Check the data underneath for lines holding the word "then", and state only how many you find.

(Beginning of RECORDS SHOWN)

text \<open>Unitary: M^* M = I (for square matrices this is unitarity).\<close>
definition unitary_mat :: "'i set \<Rightarrow> ('i \<Rightarrow> 'i \<Rightarrow> complex) \<Rightarrow> bool" where
  "unitary_mat I M \<longleftrightarrow>
     (\<forall>j\<in>I. \<forall>k\<in>I. (\<Sum>i\<in>I. cnj (M i j) * M i k) = (if j = k then 1 else 0))"

definition complex_hadamard :: "'i set \<Rightarrow> ('i \<Rightarrow> 'i \<Rightarrow> complex) \<Rightarrow> bool" where
  "complex_hadamard I M \<longleftrightarrow> unitary_mat I M \<and>
     (\<forall>i\<in>I. \<forall>j\<in>I. norm (M i j) = 1 / sqrt (real (card I)))"

definition mutually_unbiased :: "'i set \<Rightarrow> ('i \<Rightarrow> 'i \<Rightarrow> complex) \<Rightarrow> ('i \<Rightarrow> 'i \<Rightarrow> complex) \<Rightarrow> bool" where
  "mutually_unbiased I M N \<longleftrightarrow>
     (\<forall>j\<in>I. \<forall>k\<in>I. norm (braket I (col M j) (col N k)) = 1 / sqrt (real (card I)))"

definition complete_MUH :: "'i set \<Rightarrow> 'r set \<Rightarrow> ('r \<Rightarrow> 'i \<Rightarrow> 'i \<Rightarrow> complex) \<Rightarrow> bool" where
  "complete_MUH I R M \<longleftrightarrow> card R = card I \<and>
     (\<forall>r\<in>R. complex_hadamard I (M r)) \<and>
     (\<forall>r\<in>R. \<forall>s\<in>R. r \<noteq> s \<longrightarrow> mutually_unbiased I (M r) (M s))"

text \<open>M_r = (1/sqrt n) diag(v_r) H, where v_r is the r-th column of A.\<close>
definition Mmat :: "nat list \<Rightarrow> (nat list \<Rightarrow> nat list \<Rightarrow> complex) \<Rightarrow> nat list \<Rightarrow> nat list \<Rightarrow> nat list \<Rightarrow> complex" where
  "Mmat ds A r i j = A i r * fourier ds i j / of_real (sqrt (real (card (grp ds))))"

definition Dmat :: "nat list \<Rightarrow> (nat list \<Rightarrow> nat list \<Rightarrow> complex) \<Rightarrow> nat list \<Rightarrow> nat list \<Rightarrow> nat list \<Rightarrow> complex" where
  "Dmat ds A \<Delta> i j = A (gadd ds i \<Delta>) j * inverse (A i j)"

definition orthogonal_rows :: "'i set \<Rightarrow> ('i \<Rightarrow> 'i \<Rightarrow> complex) \<Rightarrow> bool" where
  "orthogonal_rows I D \<longleftrightarrow>
     (\<forall>i\<in>I. \<forall>i'\<in>I. i \<noteq> i' \<longrightarrow> braket I (D i) (D i') = 0)"

end

theory Submission
  imports Defs "HOL-Analysis.Complex_Transcendental"
begin

(* Each M_r = diag(v_r) H / sqrt n is automatically a complex Hadamard matrix, so the
   theorem is about mutual unbiasedness.  For r <> s the inner product of column j of
   M_r with column k of M_s is T_jk / n, where T_jk = sum_i w(i) conj(chi_j(i)) chi_k(i)
   is a twisted character sum of w(i) = conj(A_ir) A_is.  Expanding |T_jk|^2 and
   substituting i = i' + Delta gives sum_Delta conj(chi_j(Delta)) chi_k(Delta) c(Delta),
   where c is the autocorrelation of w with c(0) = n.  By Fourier inversion these sums all
   equal n iff c vanishes off 0, and c(Delta) is exactly the inner product of columns r
   and s of D_Delta.  Finally, a flat square matrix has orthogonal columns iff it has
   orthogonal rows, by comparing the Frobenius norms of the two Gram matrices. *)


lemma cnj_mult_unit: "norm (z::complex) = 1 \<Longrightarrow> cnj z * z = 1"
  by (metis complex_norm_square mult.commute of_real_1 power_one)

lemma inverse_unit: "norm (z::complex) = 1 \<Longrightarrow> inverse z = cnj z"
  by (rule inverse_unique) (metis cnj_mult_unit mult.commute)


section \<open>The group Z_{d_1} x ... x Z_{d_m}\<close>

lemma grp_finite: "finite (grp ds)"
proof (rule finite_subset)
  show "grp ds \<subseteq> {a. set a \<subseteq> {..<Max (insert 0 (set ds))} \<and> length a = length ds}"
    by (force simp: grp_def in_set_conv_nth intro: less_le_trans[OF _ Max_ge])
  show "finite {a. set a \<subseteq> {..<Max (insert 0 (set ds))} \<and> length a = length ds}"
    by (rule finite_lists_length_eq) simp
qed

lemma gzero_in_grp: "\<forall>d\<in>set ds. 0 < d \<Longrightarrow> gzero ds \<in> grp ds"
  by (auto simp: gzero_def grp_def)

lemma card_grp_pos: "\<forall>d\<in>set ds. 0 < d \<Longrightarrow> 0 < card (grp ds)"
  using grp_finite gzero_in_grp by (auto simp: card_gt_0_iff)

lemma gadd_nth: "j < length ds \<Longrightarrow> gadd ds a b ! j = (a ! j + b ! j) mod (ds ! j)"
  by (simp add: gadd_def)

lemma gadd_in_grp: "\<forall>d\<in>set ds. 0 < d \<Longrightarrow> gadd ds a b \<in> grp ds"
  by (auto simp: grp_def gadd_def)

lemma gadd_commute: "gadd ds a b = gadd ds b a"
  by (simp add: gadd_def add.commute)

lemma gadd_gzero: "a \<in> grp ds \<Longrightarrow> gadd ds a (gzero ds) = a"
  by (auto simp: grp_def gadd_def gzero_def intro!: nth_equalityI)

lemma add_mod_right_cancel:
  fixes x y b d :: nat
  assumes "(x + b) mod d = (y + b) mod d" and "x < d" and "y < d"
  shows "x = y"
proof -
  have "(int x + int b) mod int d = (int y + int b) mod int d"
    using assms(1) by (metis of_nat_add of_nat_mod)
  then have "(int x + int b - int b) mod int d = (int y + int b - int b) mod int d"
    by (metis mod_diff_left_eq)
  then show ?thesis using assms(2,3) by simp
qed

lemma translation_bij:
  assumes pos: "\<forall>d\<in>set ds. 0 < d"
  shows "bij_betw (\<lambda>a. gadd ds a b) (grp ds) (grp ds)"
proof -
  have inj: "inj_on (\<lambda>a. gadd ds a b) (grp ds)"
  proof (rule inj_onI)
    fix x y assume x: "x \<in> grp ds" and y: "y \<in> grp ds" and eq: "gadd ds x b = gadd ds y b"
    show "x = y"
    proof (rule nth_equalityI)
      show "length x = length y" using x y by (simp add: grp_def)
      fix j assume "j < length x"
      then have j: "j < length ds" using x by (simp add: grp_def)
      have "(x ! j + b ! j) mod (ds ! j) = (y ! j + b ! j) mod (ds ! j)"
        using eq gadd_nth[OF j] by metis
      moreover have "x ! j < ds ! j" "y ! j < ds ! j" using x y j by (auto simp: grp_def)
      ultimately show "x ! j = y ! j" by (rule add_mod_right_cancel)
    qed
  qed
  moreover have "(\<lambda>a. gadd ds a b) ` grp ds = grp ds"
    using endo_inj_surj[OF grp_finite _ inj] gadd_in_grp[OF pos] by blast
  ultimately show ?thesis by (simp add: bij_betw_def)
qed

lemma sum_translate:
  "\<forall>d\<in>set ds. 0 < d \<Longrightarrow> (\<Sum>a\<in>grp ds. f (gadd ds a b)) = (\<Sum>a\<in>grp ds. f a)"
  using sum.reindex_bij_betw[OF translation_bij] by blast


section \<open>Characters\<close>

lemma root_of_unity_mod:
  assumes "0 < d"
  shows "exp (2 * of_real pi * \<i> * of_nat c * of_nat (x mod d) / of_nat d) =
         exp (2 * of_real pi * \<i> * of_nat c * of_nat x / of_nat d)"
proof -
  have "(of_nat x :: complex) = of_nat (x mod d) + of_nat d * of_nat (x div d)"
    by (metis of_nat_add of_nat_mult mod_mult_div_eq)
  then have "2 * of_real pi * \<i> * of_nat c * of_nat x / of_nat d =
        2 * of_real pi * \<i> * of_nat c * of_nat (x mod d) / of_nat d
          + \<i> * (of_nat (c * (x div d)) * (of_real pi * 2))"
    using assms by (simp add: field_simps)
  then show ?thesis by (simp only: exp_add exp_2pi_1_nat mult_1_right)
qed

lemma chr_as_prod:
  "chr ds a b = (\<Prod>j<length ds. exp (2 * of_real pi * \<i> * of_nat (a ! j) * of_nat (b ! j) / of_nat (ds ! j)))"
  unfolding chr_def by (simp add: exp_sum)

lemma chr_gadd:
  assumes pos: "\<forall>d\<in>set ds. 0 < d"
  shows "chr ds c (gadd ds a b) = chr ds c a * chr ds c b"
  unfolding chr_as_prod prod.distrib[symmetric]
proof (rule prod.cong[OF refl])
  fix j assume j: "j \<in> {..<length ds}"
  then have d: "0 < ds ! j" using pos by auto
  show "exp (2 * of_real pi * \<i> * of_nat (c ! j) * of_nat (gadd ds a b ! j) / of_nat (ds ! j)) =
      exp (2 * of_real pi * \<i> * of_nat (c ! j) * of_nat (a ! j) / of_nat (ds ! j)) *
      exp (2 * of_real pi * \<i> * of_nat (c ! j) * of_nat (b ! j) / of_nat (ds ! j))"
    using j unfolding gadd_nth[OF j[simplified]] root_of_unity_mod[OF d]
    by (simp add: exp_add[symmetric] add_divide_distrib algebra_simps)
qed

lemma chr_commute: "chr ds a b = chr ds b a"
  unfolding chr_def by (simp add: mult_ac)

lemma norm_chr [simp]: "norm (chr ds a b) = 1"
  by (simp add: chr_def)

lemma chr_gzero [simp]: "chr ds c (gzero ds) = 1" "chr ds (gzero ds) c = 1"
  by (simp_all add: chr_as_prod gzero_def)

lemma root_of_unity_ne_1:
  fixes k :: int
  assumes "k \<noteq> 0" and "\<bar>k\<bar> < int d"
  shows "exp (2 * of_real pi * \<i> * of_int k / of_nat d) \<noteq> 1"
proof
  assume "exp (2 * of_real pi * \<i> * of_int k / of_nat d) = 1"
  then obtain n :: int where "2 * pi * real_of_int k / real d = real_of_int (2 * n) * pi"
    by (auto simp: exp_eq_1)
  then have "real_of_int k = real_of_int (n * int d)"
    using assms by (simp add: field_simps)
  then have "k = n * int d" by (simp only: of_int_eq_iff)
  with assms show False by (cases "n = 0") (auto simp: abs_mult dest: mult_right_mono[of 1 "\<bar>n\<bar>" "int d"])
qed

text \<open>A function that is multiplicative along translations by e, with value \<noteq> 1 at e,
  sums to zero over G: translating by e multiplies the sum by that value.\<close>
lemma sum_multiplicative_eq_0:
  fixes g :: "nat list \<Rightarrow> complex"
  assumes pos: "\<forall>d\<in>set ds. 0 < d"
    and mult: "\<And>a. g (gadd ds a e) = g a * g e" and ne: "g e \<noteq> 1"
  shows "(\<Sum>a\<in>grp ds. g a) = 0"
proof -
  have "(\<Sum>a\<in>grp ds. g a) = (\<Sum>a\<in>grp ds. g (gadd ds a e))"
    by (rule sum_translate[OF pos, symmetric])
  also have "\<dots> = (\<Sum>a\<in>grp ds. g a) * g e"
    unfolding mult by (rule sum_distrib_right[symmetric])
  finally have "(\<Sum>a\<in>grp ds. g a) * (1 - g e) = 0" by (simp add: algebra_simps)
  with ne show ?thesis by simp
qed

(End of RECORDS SHOWN)

→ REPLY TO THE EXERCISE
10